**PROBLEM DETAILS:** Reply with one number, the count of lines below that contain the string "where".

**Entries taken from a collection:**
_ _ _ _ _

lemma pinv_characterization:
  fixes f :: "'p::euclidean_space \<Rightarrow> 'n::euclidean_space"
  assumes f: "linear f"
  shows "pinv f y \<in> orthogonal_comp (ker f) \<and> f (pinv f y) = proj (range f) y"
  unfolding pinv_def
proof (rule theI')
  have R: "subspace (range f)" by (rule linear_subspace_image[OF f subspace_UNIV])
  have K: "subspace (ker f)" by (rule subspace_ker[OF f])
  obtain a where a: "proj (range f) y = f a" using proj_in[OF R] by blast
  define x0 where "x0 = proj (orthogonal_comp (ker f)) a"
  have "f (proj (ker f) a) = 0" using proj_in[OF K] by (simp add: ker_def)
  then have "f x0 = proj (range f) y"
    by (simp add: x0_def proj_orthogonal_comp[OF K] a linear_diff[OF f])
  moreover have "x0 \<in> orthogonal_comp (ker f)"
    unfolding x0_def by (rule proj_in[OF subspace_orthogonal_comp])
  ultimately have x0: "x0 \<in> orthogonal_comp (ker f) \<and> f x0 = proj (range f) y" by blast
  show "\<exists>!x. x \<in> orthogonal_comp (ker f) \<and> f x = proj (range f) y"
  proof (rule ex1I[of _ x0])
    fix x assume x: "x \<in> orthogonal_comp (ker f) \<and> f x = proj (range f) y"
    then have "x - x0 \<in> ker f \<inter> orthogonal_comp (ker f)"
      using x0 by (simp add: ker_def linear_diff[OF f] subspace_diff[OF subspace_orthogonal_comp])
    then show "x = x0" using orthogonal_Int_0[OF K] by auto
  qed (fact x0)
qed

lemma pinv_right_inverse:
  fixes f :: "'p::euclidean_space \<Rightarrow> 'n::euclidean_space"
  assumes f: "linear f" and y: "y \<in> range f"
  shows "f (pinv f y) = y"
  using pinv_characterization[OF f, of y] proj_eq_self[OF linear_subspace_image[OF f subspace_UNIV] y]
  by simp

lemma pinv_compose_proj_in:
  fixes L :: "'p::euclidean_space \<Rightarrow> 'n::euclidean_space"
  assumes L: "linear L" and S: "subspace S"
  shows "pinv (\<lambda>a. L (proj S a)) y \<in> S"
proof -
  have "orthogonal_comp S \<subseteq> ker (\<lambda>a. L (proj S a))"
    using proj_add_orthogonal_comp(1)[OF S subspace_0[OF S]] linear_0[OF L]
    by (auto simp: ker_def)
  then have "orthogonal_comp (ker (\<lambda>a. L (proj S a))) \<subseteq> S"
    using orthogonal_comp_anti_mono orthogonal_comp_self[OF S] by metis
  then show ?thesis
    using pinv_characterization[OF linear_compose[OF linear_proj[OF S] L, unfolded o_def]] by blast
qed
lemma opposite_parity_iterates_dist_tendsto:
  assumes x: "x \<in> A" and pq: "\<And>j. odd (p j + q j) \<and> j \<le> p j \<and> j \<le> q j"
  shows "(\<lambda>j. dist ((T ^^ p j) x) ((T ^^ q j) x)) \<longlonglongrightarrow> d"
proof (rule real_tendsto_sandwich[OF _ _ tendsto_const])
  show "\<forall>\<^sub>F j in sequentially. d \<le> dist ((T ^^ p j) x) ((T ^^ q j) x)"
    using setdist_le_dist_sym iterates_opposite_parity_mem[OF x] pq by auto
  show "\<forall>\<^sub>F j in sequentially.
      dist ((T ^^ p j) x) ((T ^^ q j) x) \<le> k ^ j * (2 * orbit_radius x) + d"
    using opposite_parity_iterates_dist_le[OF x] pq by auto
  have "(\<lambda>j. k ^ j) \<longlonglongrightarrow> 0" using k_pos k_less_1 by (intro LIMSEQ_power_zero) simp
  then have "(\<lambda>j. k ^ j * (2 * orbit_radius x) + d) \<longlonglongrightarrow> 0 * (2 * orbit_radius x) + d"
    by (intro tendsto_add tendsto_mult tendsto_const)
  then show "(\<lambda>j. k ^ j * (2 * orbit_radius x) + d) \<longlonglongrightarrow> d" by simp
qed
lemma delta_H_eq_0_imp_eq:
  fixes u v :: "'a::euclidean_space \<Rightarrow> ereal"
  assumes z: "\<zeta> \<in> M0" and u: "u \<in> Conv_coe" and v: "v \<in> Conv_coe"
    and "delta_H \<zeta> u v = 0"
  shows "u = v"
proof -
  let ?d = "\<lambda>s. hat_dH (superlevel \<zeta> u s) (superlevel \<zeta> v s)"
  have "AE s in restrict_space lborel {0<..}. ennreal (?d s) = 0"
    using assms(4) unfolding delta_H_eq_restrict_space[OF z]
    by (subst (asm) nn_integral_0_iff_AE[OF borel_measurable_hat_dH_superlevel[OF z u v]])
  then have "AE s in lborel. s \<in> {0<..} \<longrightarrow> ennreal (?d s) = 0"
    by (simp add: AE_restrict_space_iff)
  then have ae: "AE s in lborel. 0 < s \<longrightarrow> superlevel \<zeta> u s = superlevel \<zeta> v s"
  proof eventually_elim
    case (elim s)
    show ?case
    proof
      assume "0 < s"
      then have "compact (superlevel \<zeta> u s)" "compact (superlevel \<zeta> v s)"
        using compact_superlevel[OF z u] compact_superlevel[OF z v] by auto
      moreover from this have "?d s = 0"
        using elim \<open>0 < s\<close> hat_dH_nonneg[of "superlevel \<zeta> u s" "superlevel \<zeta> v s"]
        by (simp add: compact_imp_bounded)
      ultimately show "superlevel \<zeta> u s = superlevel \<zeta> v s"
        by (intro hat_dH_eq_0_imp_eq) (auto intro: compact_imp_bounded compact_imp_closed)
    qed
  qed
  then have ae': "AE s in lborel. 0 < s \<longrightarrow> superlevel \<zeta> v s = superlevel \<zeta> u s"
    by eventually_elim auto
  have "u x \<noteq> -\<infinity>" "v x \<noteq> -\<infinity>" for x
    using u v by (auto simp: Conv_coe_def proper_fun_def)
  then show ?thesis
    using le_if_AE_superlevel_eq[OF z _ ae] le_if_AE_superlevel_eq[OF z _ ae'] by (blast intro: antisym)
qed
lemma wiener_x_cov_commute: "wiener_x_cov a b = wiener_x_cov b a"
  unfolding wiener_x_cov_def by (subst sum.swap) (simp add: min.commute)

lemma sum_of_nat_atLeast1: "(\<Sum>k=1..n. real k) = real n * (real n + 1) / 2"
  by (induction n) (auto simp: field_simps)

lemma sum_of_nat_squares_atLeast1:
  "(\<Sum>k=1..n. real k ^ 2) = real n * (real n + 1) * (2 * real n + 1) / 6"
  by (induction n) (auto simp: field_simps power2_eq_square)

lemma sum_quadratic_atLeast1:
  "(\<Sum>k=1..n. \<alpha> + \<beta> * real k + \<gamma> * real k ^ 2) =
     \<alpha> * real n + \<beta> * real n * (real n + 1) / 2
       + \<gamma> * real n * (real n + 1) * (2 * real n + 1) / 6"
proof -
  have "(\<Sum>k=1..n. \<alpha> + \<beta> * real k + \<gamma> * real k ^ 2) =
          (\<Sum>k=1..n. \<alpha>) + \<beta> * (\<Sum>k=1..n. real k) + \<gamma> * (\<Sum>k=1..n. real k ^ 2)"
    by (simp only: sum.distrib sum_distrib_left)
  then show ?thesis
    unfolding sum_of_nat_atLeast1 sum_of_nat_squares_atLeast1 by simp
qed

lemma sum_min_fraction_row:
  fixes a b k m :: nat
  assumes "0 < a" "0 < b" "m < b"
    and floor: "real m * real a \<le> real k * real b" "real k * real b < (real m + 1) * real a"
  shows "(\<Sum>l=1..b-1. min (real k / real a) (real l / real b)) =
           real m * (real m + 1) / (2 * real b) + real k / real a * (real b - 1 - real m)"
proof -
  have below: "real l / real b \<le> real k / real a" if "l \<le> m" for l
  proof -
    have "real l * real a \<le> real k * real b"
      using floor(1) that by (meson of_nat_0_le_iff of_nat_le_iff order_trans mult_right_mono)
    then show ?thesis using assms(1,2) by (simp add: field_simps)
  qed
  have above: "real k / real a \<le> real l / real b" if "m < l" for l
  proof -
    have "real m + 1 \<le> real l" using that by linarith
    then have "real k * real b < real l * real a"
      using floor(2) by (meson of_nat_0_le_iff less_le_trans mult_right_mono)
    then show ?thesis using assms(1,2) by (simp add: field_simps)
  qed
  have "{1..b-1} = {1..m} \<union> {m+1..b-1}" using assms by auto
  then have "(\<Sum>l=1..b-1. min (real k / real a) (real l / real b)) =
      (\<Sum>l=1..m. min (real k / real a) (real l / real b))
      + (\<Sum>l=m+1..b-1. min (real k / real a) (real l / real b))"
    by (simp add: sum.union_disjoint)
  also have "\<dots> = (\<Sum>l=1..m. real l / real b) + (\<Sum>l=m+1..b-1. real k / real a)"
    using below above
    by (intro arg_cong2[where f = "(+)"] sum.cong refl min.absorb2 min.absorb1) auto
  also have "\<dots> = (\<Sum>l=1..m. real l) / real b + (\<Sum>l=m+1..b-1. real k / real a)"
    by (simp add: sum_divide_distrib)
  also have "\<dots> = real m * (real m + 1) / (2 * real b) + real k / real a * (real b - 1 - real m)"
    using assms unfolding sum_of_nat_atLeast1 by (simp add: of_nat_diff)
  finally show ?thesis .
qed

lemma wiener_x_cov_eq_sum_rows:
  fixes m :: "nat \<Rightarrow> nat"
  assumes "0 < a" "0 < b"
    and floor: "\<And>k. k \<in> {1..a-1} \<Longrightarrow>
      m k < b \<and> real (m k) * real a \<le> real k * real b
        \<and> real k * real b < (real (m k) + 1) * real a"
  shows "wiener_x_cov a b = (\<Sum>k=1..a-1. real (m k) * (real (m k) + 1) / (2 * real b)
                                    + real k / real a * (real b - 1 - real (m k)))"
  unfolding wiener_x_cov_def
  using assms by (intro sum.cong refl sum_min_fraction_row) auto

lemma wiener_x_cov_diag:
  assumes "1 \<le> n"
  shows "wiener_x_cov n n = (real n - 1) * (2 * real n - 1) / 6"
proof -
  have n: "real (n - 1) = real n - 1" "real n \<noteq> 0"
    using assms by (auto simp: of_nat_diff)
  have "wiener_x_cov n n = (\<Sum>k=1..n-1. real k * (real k + 1) / (2 * real n)
                                 + real k / real n * (real n - 1 - real k))"
    using assms by (intro wiener_x_cov_eq_sum_rows) auto
  also have "\<dots> = (\<Sum>k=1..n-1. 0 + (2 * real n - 1) / (2 * real n) * real k
                                 + (- 1 / (2 * real n)) * real k ^ 2)"
    using n
    by (intro sum.cong refl) (simp add: divide_simps; simp add: algebra_simps power2_eq_square)
  also have "\<dots> = (real n - 1) * (2 * real n - 1) / 6"
    unfolding sum_quadratic_atLeast1 using n
    by (simp add: divide_simps; simp add: algebra_simps power2_eq_square)
  finally show ?thesis .
qed

lemma wiener_x_cov_Suc:
  assumes "1 \<le> n"
  shows "wiener_x_cov n (n + 1) = (2 * real n + 1) * (real n - 1) / 6"
proof -
  have n: "real (n - 1) = real n - 1" "real n \<noteq> 0" "real n + 1 \<noteq> 0"
    using assms by (auto simp: of_nat_diff)
  have "wiener_x_cov n (n + 1) = (\<Sum>k=1..n-1. real k * (real k + 1) / (2 * real (n + 1))
                                       + real k / real n * (real (n + 1) - 1 - real k))"
    using assms by (intro wiener_x_cov_eq_sum_rows) (auto simp: algebra_simps)
  also have "\<dots> = (\<Sum>k=1..n-1. 0 + (1 / (2 * (real n + 1)) + 1) * real k
                                 + (1 / (2 * (real n + 1)) - 1 / real n) * real k ^ 2)"
    using n
    by (intro sum.cong refl) (simp add: divide_simps; simp add: algebra_simps power2_eq_square)
  also have "\<dots> = (2 * real n + 1) * (real n - 1) / 6"
    unfolding sum_quadratic_atLeast1 using n
    by (simp add: divide_simps; simp add: algebra_simps power2_eq_square)
  finally show ?thesis .
qed

lemma wiener_x_cov_double:
  assumes "1 \<le> n"
  shows "wiener_x_cov n (2 * n) = (8 * real n - 1) * (real n - 1) / 12"
proof -
  have n: "real (n - 1) = real n - 1" "real n \<noteq> 0"
    using assms by (auto simp: of_nat_diff)
  have "wiener_x_cov n (2 * n) =
          (\<Sum>k=1..n-1. real (2 * k) * (real (2 * k) + 1) / (2 * real (2 * n))
                        + real k / real n * (real (2 * n) - 1 - real (2 * k)))"
    using assms by (intro wiener_x_cov_eq_sum_rows) auto
  also have "\<dots> = (\<Sum>k=1..n-1. 0 + (2 - 1 / (2 * real n)) * real k
                                 + (- 1 / real n) * real k ^ 2)"
    using n
    by (intro sum.cong refl) (simp add: divide_simps; simp add: algebra_simps power2_eq_square)
  also have "\<dots> = (8 * real n - 1) * (real n - 1) / 12"
    unfolding sum_quadratic_atLeast1 using n
    by (simp add: divide_simps; simp add: algebra_simps power2_eq_square)
  finally show ?thesis .
qed

lemma wiener_x_cov_double_Suc:
  assumes "1 \<le> n"
  shows "wiener_x_cov n (2 * n + 1) =
           (real n - 1) * (8 * real n ^ 2 + 7 * real n + 2) / (6 * (2 * real n + 1))"
proof -
  have n: "real (n - 1) = real n - 1" "real n \<noteq> 0" "2 * real n + 1 \<noteq> 0"
    using assms by (auto simp: of_nat_diff)
  have "wiener_x_cov n (2 * n + 1) =
          (\<Sum>k=1..n-1. real (2 * k) * (real (2 * k) + 1) / (2 * real (2 * n + 1))
                        + real k / real n * (real (2 * n + 1) - 1 - real (2 * k)))"
    using assms by (intro wiener_x_cov_eq_sum_rows) (auto simp: algebra_simps)
  also have "\<dots> = (\<Sum>k=1..n-1. 0 + (1 / (2 * real n + 1) + 2) * real k
                                 + (2 / (2 * real n + 1) - 2 / real n) * real k ^ 2)"
    using n
    by (intro sum.cong refl) (simp add: divide_simps; simp add: algebra_simps power2_eq_square)
  also have "\<dots> = (real n - 1) * (8 * real n ^ 2 + 7 * real n + 2) / (6 * (2 * real n + 1))"
    unfolding sum_quadratic_atLeast1 using n
    by (simp add: divide_simps; simp add: algebra_simps power2_eq_square)
  finally show ?thesis .
qed

lemma wiener_x_cov_double_pred:
  assumes "1 \<le> n"
  shows "wiener_x_cov n (2 * n - 1) = (real n - 1) ^ 2 * (8 * real n - 1) / (6 * (2 * real n - 1))"
proof -
  have n: "real (n - 1) = real n - 1" "real n \<noteq> 0" "2 * real n - 1 \<noteq> 0"
    using assms by (auto simp: of_nat_diff)
  have "wiener_x_cov n (2 * n - 1) =
          (\<Sum>k=1..n-1. real (2 * k - 1) * (real (2 * k - 1) + 1) / (2 * real (2 * n - 1))
                        + real k / real n * (real (2 * n - 1) - 1 - real (2 * k - 1)))"
    using assms by (intro wiener_x_cov_eq_sum_rows) (auto simp: algebra_simps of_nat_diff)
  also have "\<dots> = (\<Sum>k=1..n-1. 0 + ((2 * real n - 1) / real n - 1 / (2 * real n - 1)) * real k
                                 + (2 / (2 * real n - 1) - 2 / real n) * real k ^ 2)"
    using n by (intro sum.cong refl)
      (auto simp: of_nat_diff divide_simps; simp add: algebra_simps power2_eq_square)
  also have "\<dots> = (real n - 1) ^ 2 * (8 * real n - 1) / (6 * (2 * real n - 1))"
    unfolding sum_quadratic_atLeast1 using n
    by (simp add: divide_simps; simp add: algebra_simps power2_eq_square)
  finally show ?thesis .
qed
(* Let $T$ be a c.n.u. contraction on $H$ and let $(H_+,H_-,\Gamma_+,\Gamma_-)$ be a boundary quadruple for $A_T^{\perp_s}$ with contractive Weyl function $B$. For $s,t\in\mathfrak{H}$, one has $(s,t)\in\widehat{A_T^{\perp_s}}$ if and only if there exist $x_\pm\in H_\pm$ such that $\lambda f_s(\lambda)-f_t(\lambda)=B(\lambda)x_+-x_-$ for all $\lambda\in\mathbb{D}_+$ and $f_s(\lambda)-\lambda f_t(\lambda)=x_+-B(\bar\lambda)^*x_-$ for all $\lambda\in\mathbb{D}_-$.
   Context: $H$ is an infinite-dimensional separable complex Hilbert space with inner product $(\cdot,\cdot)_H$; $T\in\mathbb{B}(H)$, $\|T\|\le1$, is completely non-unitary. $\mathbb{K}=\ker(I-T^*T)$. $\mathbb{H}=H\oplus_\perp H$ with $[(x_1,x_2),(y_1,y_2)]=i(x_1,y_1)_H-i(x_2,y_2)_H$; $S^{\perp_s}=\{a:[a,b]=0\ \forall b\in S\}$; $A_T=\{(x,Tx):x\in\mathbb{K}\}$. $\mathbb{D}_\pm$ are two copies of the open unit disc; for $\lambda\in\mathbb{D}_\pm$, $\bar\lambda$ is regarded as a point of $\mathbb{D}_\mp$. $N_\lambda=\{(x,\lambda x)\}\cap A_T^{\perp_s}$ ($\lambda\in\mathbb{D}_+$), $N_\lambda=\{(\lambda x,x)\}\cap A_T^{\perp_s}$ ($\lambda\in\mathbb{D}_-$). Boundary quadruple: Hilbert spaces $H_\pm$, linear $\Gamma_\pm:A_T^{\perp_s}\to H_\pm$ with $(\Gamma_+,\Gamma_-)$ bounded, onto $H_+\oplus_\perp H_-$, kernel $A_T$, and $[a,b]=i(\Gamma_+a,\Gamma_+b)-i(\Gamma_-a,\Gamma_-b)$. Contractive Weyl function $B$: for $\lambda\in\mathbb{D}_+$, $\Gamma_+|_{N_\lambda}$ bijective onto $H_+$, $\Gamma_-a=B(\lambda)\Gamma_+a$ on $N_\lambda$, $\|B(\lambda)\|<1$; for $\lambda\in\mathbb{D}_-$, $\Gamma_-|_{N_\lambda}$ bijective onto $H_-$ and $\Gamma_+a=B(\bar\lambda)^*\Gamma_-a$ on $N_\lambda$. $\gamma_\pm,\varphi_\pm$: $\gamma_+(\lambda)x\in N_\lambda$, $\Gamma_+\gamma_+(\lambda)x=x$ ($\lambda\in\mathbb{D}_+$); $\gamma_-(\lambda)x\in N_\lambda$, $\Gamma_-\gamma_-(\lambda)x=x$ ($\lambda\in\mathbb{D}_-$); $\varphi_+=pr_1\circ\gamma_+$, $\varphi_-=pr_2\circ\gamma_-$. $E_\lambda=pr_1(N_\lambda)$ or $pr_2(N_\lambda)$ according as $\lambda\in\mathbb{D}_+$ or $\mathbb{D}_-$; $F^\dagger_\lambda=E_{\bar\lambda}$, $F_\lambda$ its conjugate-linear dual, pairing $((\cdot,\cdot))$. For $x\in H$, $\hat x(\lambda)\in F_\lambda$ is $\omega\mapsto(x,\omega)_H$; $x\mapsto\hat x$ is injective, and $\mathfrak{H}=\{\hat x:x\in H\}$ with $(\hat x,\hat y)_{\mathfrak{H}}=(x,y)_H$. For $S\subseteq\mathbb{H}$, $\hat S=\{(\hat x,\hat y):(x,y)\in S\}$. Trivialization: for $\lambda\in\mathbb{D}_+$, $(\varphi_-^\dagger(\lambda)\omega,z)_{H_-}=((\omega,\varphi_-(\bar\lambda)z))$; for $\lambda\in\mathbb{D}_-$, $(\varphi_+^\dagger(\lambda)\omega,z)_{H_+}=((\omega,\varphi_+(\bar\lambda)z))$; $f_s(\lambda)=\varphi_-^\dagger(\lambda)s(\lambda)$ on $\mathbb{D}_+$ and $\varphi_+^\dagger(\lambda)s(\lambda)$ on $\mathbb{D}_-$. *)

theory Defs
  imports "HOL-Analysis.Analysis"
begin

class complex_vector = real_vector +
  fixes scaleC :: "complex \<Rightarrow> 'a \<Rightarrow> 'a" (infixr "*\<^sub>C" 75)
  assumes scaleC_add_right: "scaleC a (x + y) = scaleC a x + scaleC a y"
    and scaleC_add_left: "scaleC (a + b) x = scaleC a x + scaleC b x"
    and scaleC_scaleC: "scaleC a (scaleC b x) = scaleC (a * b) x"
    and scaleC_one: "scaleC 1 x = x"
    and scaleR_scaleC: "scaleR r x = scaleC (complex_of_real r) x"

_ _ _ _ _

**EXERCISE RESULT:** 3